My trunk is lost. In the excitement of carpentering incidental to the cloudburst, the crew of the train omitted to drop it off at Come-by-Chance. I am informed that it has returned across the country to St. John's. If I had not already been travelling for a fortnight, or if Heaven had endowed me with fewer inches so that my clothing were not so exclusively my own, the problem of the interim till the next boat would be simpler.
I have had my first, and I may add my last, experience of "brewis," an indeterminate concoction much in favour as an article of diet on this coast. The dish consists of hard bread (ship's biscuit) and codfish boiled together in a copious basis of what I took to be sea-water. "On the surface of the waters" float partially disintegrated chunks of fat salt pork. I am not finicking. I could face any one of these articles of diet alone; but in combination, boiled, and served up lukewarm in a soup plate for breakfast, in the hot cabin of a violently rolling little steamer, they take more than my slender stock of philosophy to cope with. Yet they save the delicacy for the Holy Sabbath. The only justification of this policy that I can see is that, being a day of rest, their stomachs can turn undivided and dogged attention to the process of digestion.

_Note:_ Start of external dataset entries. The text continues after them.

lemma nabla_natural_left:
  assumes g: "g \<in> hom A A'" and B: "B \<in> ob"
  shows "nabla C A' B \<cdot> cross C (T A) (T B) (Tm g) (idm (T B)) = Tm (cross C A B g (idm B)) \<cdot> nabla C A B"
proof -
  have A: "A \<in> ob" and A': "A' \<in> ob" using g dom_ob cod_ob by blast+
  have TA: "T A \<in> ob" and TA': "T A' \<in> ob" and TB: "T B \<in> ob" using A A' B by blast+
  have Tg: "Tm g \<in> hom (T A) (T A')" using g by blast
  have X: "cross C (T A) (T B) (Tm g) (idm (T B)) \<in> hom (pr (T A) (T B)) (pr (T A') (T B))" using Tg TB by blast
  have x: "cross C (T A) B (Tm g) (idm B) \<in> hom (pr (T A) B) (pr (T A') B)" using Tg B by blast
  have w: "cross C A B g (idm B) \<in> hom (pr A B) (pr A' B)" using g B by blast
  have st': "st (T A') B \<in> hom (pr (T A') (T B)) (T (pr (T A') B))" using TA' B by blast
  have st: "st (T A) B \<in> hom (pr (T A) (T B)) (T (pr (T A) B))" using TA B by blast
  have co': "cost C A' B \<in> hom (pr (T A') B) (T (pr A' B))" using A' B by blast
  have co: "cost C A B \<in> hom (pr (T A) B) (T (pr A B))" using A B by blast
  have AB: "pr A B \<in> ob" and A'B: "pr A' B \<in> ob" using A A' B by blast+
  have "nabla C A' B \<cdot> cross C (T A) (T B) (Tm g) (idm (T B))
     = \<mu> (pr A' B) \<cdot> Tm (cost C A' B) \<cdot> st (T A') B \<cdot> cross C (T A) (T B) (Tm g) (idm (T B))"
    unfolding nabla_def using assoc[OF X st' Tm_in[OF co']] assoc[OF X comp_in[OF st' Tm_in[OF co']] mu_in[OF A'B]] by simp
  also have "st (T A') B \<cdot> cross C (T A) (T B) (Tm g) (idm (T B)) = Tm (cross C (T A) B (Tm g) (idm B)) \<cdot> st (T A) B"
    using st_natural[OF Tg id_in[OF B]] Tm_id[OF B] by simp
  also have "Tm (cost C A' B) \<cdot> Tm (cross C (T A) B (Tm g) (idm B)) \<cdot> st (T A) B
     = Tm (Tm (cross C A B g (idm B))) \<cdot> Tm (cost C A B) \<cdot> st (T A) B"
  proof -
    have "Tm (cost C A' B) \<cdot> Tm (cross C (T A) B (Tm g) (idm B)) \<cdot> st (T A) B
       = (Tm (cost C A' B) \<cdot> Tm (cross C (T A) B (Tm g) (idm B))) \<cdot> st (T A) B"
      using assoc[OF st Tm_in[OF x] Tm_in[OF co']] by simp
    also have "Tm (cost C A' B) \<cdot> Tm (cross C (T A) B (Tm g) (idm B)) = Tm (Tm (cross C A B g (idm B))) \<cdot> Tm (cost C A B)"
      using Tm_comp[OF x co'] Tm_comp[OF co Tm_in[OF w]] cost_natural[OF g B] by simp
    also have "(Tm (Tm (cross C A B g (idm B))) \<cdot> Tm (cost C A B)) \<cdot> st (T A) B
       = Tm (Tm (cross C A B g (idm B))) \<cdot> Tm (cost C A B) \<cdot> st (T A) B"
      using assoc[OF st Tm_in[OF co] Tm_in[OF Tm_in[OF w]]] by simp
    finally show ?thesis .
  qed
  also have "\<mu> (pr A' B) \<cdot> Tm (Tm (cross C A B g (idm B))) \<cdot> Tm (cost C A B) \<cdot> st (T A) B
     = (\<mu> (pr A' B) \<cdot> Tm (Tm (cross C A B g (idm B)))) \<cdot> Tm (cost C A B) \<cdot> st (T A) B"
    using assoc[OF comp_in[OF st Tm_in[OF co]] Tm_in[OF Tm_in[OF w]] mu_in[OF A'B]] by simp
  also have "\<dots> = (Tm (cross C A B g (idm B)) \<cdot> \<mu> (pr A B)) \<cdot> Tm (cost C A B) \<cdot> st (T A) B"
    using mu_natural[OF w] by simp
  also have "\<dots> = Tm (cross C A B g (idm B)) \<cdot> nabla C A B"
    unfolding nabla_def using assoc[OF comp_in[OF st Tm_in[OF co]] mu_in[OF AB] Tm_in[OF w]] by simp
  finally show ?thesis .
qed

lemma copyable_iff:
  assumes Y: "Y \<in> ob" and f: "f \<in> hom X (T Y)"
  shows "copyable C X Y f \<longleftrightarrow> Tm (pair (idm Y) (idm Y)) \<cdot> f = nabla C Y Y \<cdot> pair f f"
proof -
  have X: "X \<in> ob" and YY: "pr Y Y \<in> ob" using f Y dom_ob by blast+
  have dY: "pair (idm Y) (idm Y) \<in> hom Y (pr Y Y)" and dX: "pair (idm X) (idm X) \<in> hom X (pr X X)"
    using X Y by blast+
  have ff: "cross C X X f f \<in> hom (pr X X) (pr (T Y) (T Y))" using f by blast
  have "kcomp C (pr Y Y) (ktensor C X X Y Y f f) (kcopy C X)
      = nabla C Y Y \<cdot> cross C X X f f \<cdot> pair (idm X) (idm X)"
    unfolding kcopy_def ktensor_def
    using kcomp_pure[OF YY comp_in[OF ff nabla_in[OF Y Y]] dX] assoc[OF dX ff nabla_in[OF Y Y]]
    by simp
  also have "\<dots> = nabla C Y Y \<cdot> pair f f"
    using cross_pair[OF f f id_in[OF X] id_in[OF X]] id_r[OF f] by simp
  moreover have "kcomp C (pr Y Y) (kcopy C Y) f = Tm (pair (idm Y) (idm Y)) \<cdot> f"
    unfolding kcopy_def by (rule pure_kcomp[OF YY dY f])
  ultimately show ?thesis unfolding copyable_def by simp
qed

Did I say "day of rest"? The phrase is utterly inadequate. These people are the strictest of Sabbatarians. The Puritan fathers, whom we now look back upon with a shivery thankfulness that our lot did not fall among them, would, and perhaps do, regard them as kindred spirits. But they are earnest Christians, with a truly uncomplaining selflessness of life.
By some twist of my brain that reminds me of a story told me the other day which brings an old legend very prettily to this country. It is said that when Joseph of Arimathea was hounded from place to place by the Jews, he fled to England taking the Grail with him. The spot where he settled he called Avalon. When Lord Baltimore, a devout Catholic, was given a huge tract of land in the south of this little island, he christened it Avalon in commemoration of Joseph of Arimathea's also distant journey. To the disgrace of the Protestants, the Catholic exiles arrived in the "land of promise" only to discover that the spirit of persecution was rampant in this then far-off colony.